*Extracted data*
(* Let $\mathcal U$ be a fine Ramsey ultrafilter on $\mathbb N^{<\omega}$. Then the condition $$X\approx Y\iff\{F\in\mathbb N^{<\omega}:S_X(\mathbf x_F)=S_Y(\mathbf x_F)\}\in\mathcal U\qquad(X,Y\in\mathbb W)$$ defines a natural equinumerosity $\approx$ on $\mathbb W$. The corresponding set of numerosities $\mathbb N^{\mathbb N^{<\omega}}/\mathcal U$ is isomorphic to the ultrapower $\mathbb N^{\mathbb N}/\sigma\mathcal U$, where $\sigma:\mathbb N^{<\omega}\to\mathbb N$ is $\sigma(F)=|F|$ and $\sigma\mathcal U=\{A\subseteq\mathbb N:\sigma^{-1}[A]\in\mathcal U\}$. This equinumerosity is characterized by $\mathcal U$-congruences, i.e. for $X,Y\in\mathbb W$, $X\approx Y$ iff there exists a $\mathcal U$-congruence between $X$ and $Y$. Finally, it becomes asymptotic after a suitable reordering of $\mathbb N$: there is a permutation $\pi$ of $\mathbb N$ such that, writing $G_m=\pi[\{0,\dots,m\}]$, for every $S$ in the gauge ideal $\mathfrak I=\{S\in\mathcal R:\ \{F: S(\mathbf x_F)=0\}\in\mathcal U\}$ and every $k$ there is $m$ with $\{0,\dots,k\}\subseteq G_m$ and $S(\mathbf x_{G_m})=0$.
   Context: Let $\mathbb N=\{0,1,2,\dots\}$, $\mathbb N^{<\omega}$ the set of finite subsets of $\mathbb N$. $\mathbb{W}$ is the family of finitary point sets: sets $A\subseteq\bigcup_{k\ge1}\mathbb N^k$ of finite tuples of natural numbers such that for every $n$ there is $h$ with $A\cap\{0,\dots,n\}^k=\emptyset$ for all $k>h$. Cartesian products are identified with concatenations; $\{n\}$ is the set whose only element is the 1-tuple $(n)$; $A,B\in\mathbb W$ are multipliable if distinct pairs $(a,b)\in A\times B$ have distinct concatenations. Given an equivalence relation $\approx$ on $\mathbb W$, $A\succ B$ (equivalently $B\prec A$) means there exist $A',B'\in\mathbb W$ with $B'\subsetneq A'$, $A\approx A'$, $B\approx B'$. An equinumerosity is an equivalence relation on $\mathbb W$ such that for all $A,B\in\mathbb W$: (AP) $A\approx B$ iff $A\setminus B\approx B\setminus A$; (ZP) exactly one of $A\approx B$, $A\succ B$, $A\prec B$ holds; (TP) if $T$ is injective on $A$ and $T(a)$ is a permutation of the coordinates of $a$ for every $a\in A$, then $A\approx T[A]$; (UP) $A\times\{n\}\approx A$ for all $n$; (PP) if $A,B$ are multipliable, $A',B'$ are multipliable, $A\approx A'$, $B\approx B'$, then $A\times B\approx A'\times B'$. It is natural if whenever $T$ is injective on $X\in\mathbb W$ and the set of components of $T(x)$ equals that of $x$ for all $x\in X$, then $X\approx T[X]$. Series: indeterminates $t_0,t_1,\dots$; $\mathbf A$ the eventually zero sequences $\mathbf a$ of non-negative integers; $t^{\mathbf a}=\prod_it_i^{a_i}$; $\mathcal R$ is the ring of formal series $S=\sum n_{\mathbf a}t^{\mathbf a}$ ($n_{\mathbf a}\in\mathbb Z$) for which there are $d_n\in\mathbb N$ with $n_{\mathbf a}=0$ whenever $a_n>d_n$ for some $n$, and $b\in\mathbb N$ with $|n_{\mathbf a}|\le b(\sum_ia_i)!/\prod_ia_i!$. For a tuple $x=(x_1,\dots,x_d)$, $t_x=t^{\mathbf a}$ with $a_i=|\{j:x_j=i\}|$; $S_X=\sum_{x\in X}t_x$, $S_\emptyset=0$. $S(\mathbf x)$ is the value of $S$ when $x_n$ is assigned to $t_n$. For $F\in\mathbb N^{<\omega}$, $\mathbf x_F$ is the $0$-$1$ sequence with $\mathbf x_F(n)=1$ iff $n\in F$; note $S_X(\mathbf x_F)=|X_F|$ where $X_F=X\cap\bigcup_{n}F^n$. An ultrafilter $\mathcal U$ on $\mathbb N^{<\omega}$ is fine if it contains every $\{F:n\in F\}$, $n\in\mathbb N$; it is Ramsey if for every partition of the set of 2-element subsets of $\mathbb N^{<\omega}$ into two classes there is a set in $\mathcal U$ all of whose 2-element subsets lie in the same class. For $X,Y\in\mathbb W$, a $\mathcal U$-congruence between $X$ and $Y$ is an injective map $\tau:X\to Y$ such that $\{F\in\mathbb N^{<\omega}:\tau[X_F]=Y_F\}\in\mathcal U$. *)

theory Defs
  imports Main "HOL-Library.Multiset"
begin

...

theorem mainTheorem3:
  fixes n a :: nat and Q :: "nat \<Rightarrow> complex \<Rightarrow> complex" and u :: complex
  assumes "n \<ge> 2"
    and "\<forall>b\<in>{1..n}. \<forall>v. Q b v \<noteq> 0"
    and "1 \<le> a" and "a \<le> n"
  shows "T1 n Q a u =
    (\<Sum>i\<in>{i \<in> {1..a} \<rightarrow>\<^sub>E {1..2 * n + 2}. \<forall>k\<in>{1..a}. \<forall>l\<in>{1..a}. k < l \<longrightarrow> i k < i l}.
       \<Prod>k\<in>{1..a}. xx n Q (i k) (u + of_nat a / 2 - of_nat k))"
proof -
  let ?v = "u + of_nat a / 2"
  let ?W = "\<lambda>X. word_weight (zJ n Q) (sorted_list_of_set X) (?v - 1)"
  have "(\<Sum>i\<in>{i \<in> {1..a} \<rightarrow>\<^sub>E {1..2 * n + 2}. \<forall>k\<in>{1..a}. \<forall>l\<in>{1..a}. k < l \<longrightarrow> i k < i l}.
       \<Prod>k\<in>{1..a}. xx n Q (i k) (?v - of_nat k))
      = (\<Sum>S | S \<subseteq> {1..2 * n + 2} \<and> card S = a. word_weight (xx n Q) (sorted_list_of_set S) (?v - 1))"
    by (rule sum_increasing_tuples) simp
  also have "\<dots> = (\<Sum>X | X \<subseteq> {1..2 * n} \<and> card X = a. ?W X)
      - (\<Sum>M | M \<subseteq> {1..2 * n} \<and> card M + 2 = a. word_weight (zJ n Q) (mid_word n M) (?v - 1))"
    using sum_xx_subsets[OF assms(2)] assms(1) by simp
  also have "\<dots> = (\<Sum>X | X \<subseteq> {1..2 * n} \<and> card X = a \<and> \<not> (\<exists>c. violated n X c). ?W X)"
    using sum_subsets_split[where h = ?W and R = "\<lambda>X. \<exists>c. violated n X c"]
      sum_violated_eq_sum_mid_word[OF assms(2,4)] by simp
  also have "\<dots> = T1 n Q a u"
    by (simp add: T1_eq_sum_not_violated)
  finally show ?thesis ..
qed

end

*Assignment*
Please go through the data above and copy each line containing the word "using".

*Answer below*
    using sum_xx_subsets[OF assms(2)] assms(1) by simp
    using sum_subsets_split[where h = ?W and R = "\<lambda>X. \<exists>c. violated n X c"]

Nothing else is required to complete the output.